At the close of the 5 p.m. market, the FTSE Bursa Malaysia KLCI closed at 1447.98 points, down 15.53 points or 1.06%.
The total trading volume for the day was 4.3 billion 35.38 million 1500 shares, with a trading value of 2.5 billion 61.39 million 6349 ringgit.
The FTSE Bursa Malaysia All Shares Index closed at 10679.57 points, down 90.29 points.
355 stocks rose, 607 stocks fell, 429 stocks remained unchanged, and 949 stocks had no trading.
At 5 p.m., 1 US dollar was exchanged for 4.6523 Malaysian Ringgit.
source: Nanyang Siang Pau, Klse Pulse
MY Closing Bell Reviews | KLCI CLOSED BELOW 1450 POINTS AFTER FED MEETING MINUTES
Focus on
Malaysia's automobile sales in July increased by 28%.
MAA: There will be even more in August.
In July, Malaysia's automobile sales reached 0.06 million 3676 units, a sharp increase of 27.52% compared to the same period last year.
In July, automobile sales reached 0.06 million 2593 units, an increase of 1.7% compared to June. The Malaysian Automotive Association (MAA) believes that this good performance is attributed to the normalization of the automobile supply chain and the completion of recent orders for new car models.
The guild is even more optimistic that due to the successive launch of new car models in the automotive industry and the implementation of National Day promotions, the total car sales volume is expected to be slightly higher in August than in July.

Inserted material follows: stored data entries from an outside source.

lemma succ_in_basin_iff:
  assumes xs: "xs \<in> cycles" and a: "a \<le> K"
  shows "g a \<in> basin xs \<longleftrightarrow> a \<in> basin xs"
proof -
  have "(\<exists>m. (g ^^ m) (g a) \<in> set xs) \<longleftrightarrow> (\<exists>m. (g ^^ m) a \<in> set xs)"
  proof
    assume "\<exists>m. (g ^^ m) (g a) \<in> set xs"
    then obtain m where "(g ^^ m) (g a) \<in> set xs" by blast
    then have "(g ^^ Suc m) a \<in> set xs" by (simp only: funpow_Suc_right comp_apply)
    then show "\<exists>m. (g ^^ m) a \<in> set xs" by blast
  next
    assume "\<exists>m. (g ^^ m) a \<in> set xs"
    then obtain m where "(g ^^ m) a \<in> set xs" by blast
    then have "g ((g ^^ m) a) \<in> set xs" using xs cycle_succ(1) by (auto simp: cycles_def)
    then have "(g ^^ m) (g a) \<in> set xs" by (simp add: funpow_swap1)
    then show "\<exists>m. (g ^^ m) (g a) \<in> set xs" by blast
  qed
  then show ?thesis using a succ_le[OF a] by (simp add: basin_def)
qed

lemma sink_notin_basin: "xs \<in> cycles \<Longrightarrow> s \<notin> basin xs"
  using cycle_succ(2) by (auto simp: basin_def funpow_sink cycles_def)

lemma hd_in_basin:
  assumes "xs \<in> cycles"
  shows "hd xs \<in> basin xs"
proof -
  have "xs \<noteq> []" "set xs \<subseteq> {0..K}" using assms by (auto simp: cycles_def is_cycle_def)
  then have "hd xs \<in> set xs" by simp
  with \<open>set xs \<subseteq> {0..K}\<close> have "hd xs \<le> K" "(g ^^ 0) (hd xs) \<in> set xs" by auto
  then show ?thesis unfolding basin_def by blast
qed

According to the data published by MAA today, the total car sales volume from the beginning of the year to now has reached 0.42 million 9807 units, an increase of 12.61% compared to 0.38 million 1680 units last year.
In terms of production, 0.06 million 6862 cars were produced in July, an increase of 28.43% compared to the same period last year.
From the beginning of the year to now, the total car production has reached 0.42 million 9397 vehicles, a 16% increase compared to 0.36 million 9994 vehicles last year.
Building costs continue to rise REHDA: house prices may rise.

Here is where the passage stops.